Over the past four days, public and private officials have closed sections of Norton Point and East Beach to four-wheel-drive vehicles to protect newly hatched piping plover chicks and nests with eggs yet to hatch.
In Massachusetts, the piping plover is a threatened species. After hatching, the chicks take about 30 days before they fly, making them vulnerable to the tires of four-wheel-drive vehicles driving along a beach.
County manager E. Winn Davis said both the eastern and western ends of Norton Point Beach were closed to vehicles at 7:30 a.m. yesterday.
Mr. Davis said the western closure is aimed at protecting four piping plovers that have hatched from a nest about a half-mile east of the entrance. The closure will be in effect for at least a month.
The Wasque end of the beach was closed yesterday afternoon to protect two more nests, with eggs that had yet to hatch. Mr. Davis said he did not know how many eggs were in each nest.

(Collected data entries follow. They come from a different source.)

lemma dendrite_set_if_homeomorphic:
  fixes S :: "'v::{real_normed_vector,complete_space} set"
  assumes "dendrite X" and hom: "X homeomorphic_space top_of_set S"
  shows "dendrite_set S"
proof
  have "compact_space (top_of_set S)" "connected_space (top_of_set S)"
    "locally_connected_space (top_of_set S)"
    using assms homeomorphic_compact_space homeomorphic_connected_space
      homeomorphic_locally_connected_space
    by (fastforce simp: dendrite_def continuum_def)+
  then show "compact S" "connected S" "locally connected S"
    using connectedin_iff_connected[of S]
    by (simp_all add: compact_space_def connectedin_def locally_connected_space_top_of_set_iff)
  show "circle_free S"
    unfolding circle_free_def
  proof (intro allI impI notI)
    fix T assume "T \<subseteq> S" "T homeomorphic sphere (0::complex) 1"
    obtain f where f: "homeomorphic_map (top_of_set S) X f"
      using hom homeomorphic_space_sym homeomorphic_space by blast
    then have "subtopology (top_of_set S) T homeomorphic_space subtopology X (f ` T)"
      using \<open>T \<subseteq> S\<close> homeomorphic_map_subtopologies[OF f, of T "f ` T"]
        homeomorphic_imp_surjective_map[OF f]
      by (auto simp: homeomorphic_space inf_absorb2)
    also have "subtopology (top_of_set S) T = top_of_set T"
      using \<open>T \<subseteq> S\<close> by (simp add: subtopology_subtopology inf_absorb2)
    finally have "subtopology X (f ` T) homeomorphic_space top_of_set (sphere (0::complex) 1)"
      using \<open>T homeomorphic sphere 0 1\<close> homeomorphic_space_sym homeomorphic_space_trans
        homeomorphic_space_top_of_set_iff by metis
    moreover have "f ` T \<subseteq> topspace X"
      using \<open>T \<subseteq> S\<close> homeomorphic_imp_surjective_map[OF f] by auto
    ultimately show False
      using \<open>dendrite X\<close> by (auto simp: dendrite_def simple_closed_curve_in_def)
  qed
qed

lemma connected_delete_image_end_point:
  assumes "homeomorphic_maps X (top_of_set S) \<phi> \<psi>" "end_point X e"
  shows "connected (S - {\<phi> e})"
proof -
  have \<phi>: "homeomorphic_map X (top_of_set S) \<phi>" using assms(1) homeomorphic_map_maps by blast
  have "\<phi> ` (topspace X - {e}) = S - {\<phi> e}"
    using homeomorphic_imp_surjective_map[OF \<phi>] homeomorphic_imp_injective_map[OF \<phi>] assms(2)
    by (auto simp: end_point_def inj_on_def)
  moreover have "connectedin (top_of_set S) (\<phi> ` (topspace X - {e}))"
    using assms(2) homeomorphic_imp_continuous_map[OF \<phi>]
    by (intro connectedin_continuous_map_image) (auto simp: end_point_def)
  ultimately show ?thesis by (simp add: connectedin_subtopology)
qed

He anticipates the closure on the eastern end of the beach may last 45 days, which would include time for the plover chicks to hatch and fledge.
On Saturday, The Trustees of Reservations closed vehicular access on a half-mile stretch of East Beach. Trustees shorebird biologist Kate Conde said the closed stretch starts about 400 to 500 yards south of the Dike Bridge and continues to Wasque.
The closures are designed to protect four chicks that have hatched and have headed for the wrack line along East Beach, as well as three nests, each containing four eggs, elsewhere on East Beach, near Swan Pond and near Poucha Pond. Ms. Conde said she anticipates the eggs will hatch in the next four to five days.
The good news for four-wheel-drive beach-goers this year is that the plovers have placed all their nests south of the Dike Bridge, leaving all of Cape Pogue open to vehicular traffic.
Another nest, with an undetermined number of eggs, has been found on State Beach, which the county manages for the state. Although four-wheel-drive vehicles are not allowed on that beach, Mr. Davis said steps will be taken to protect the nest from pedestrian traffic.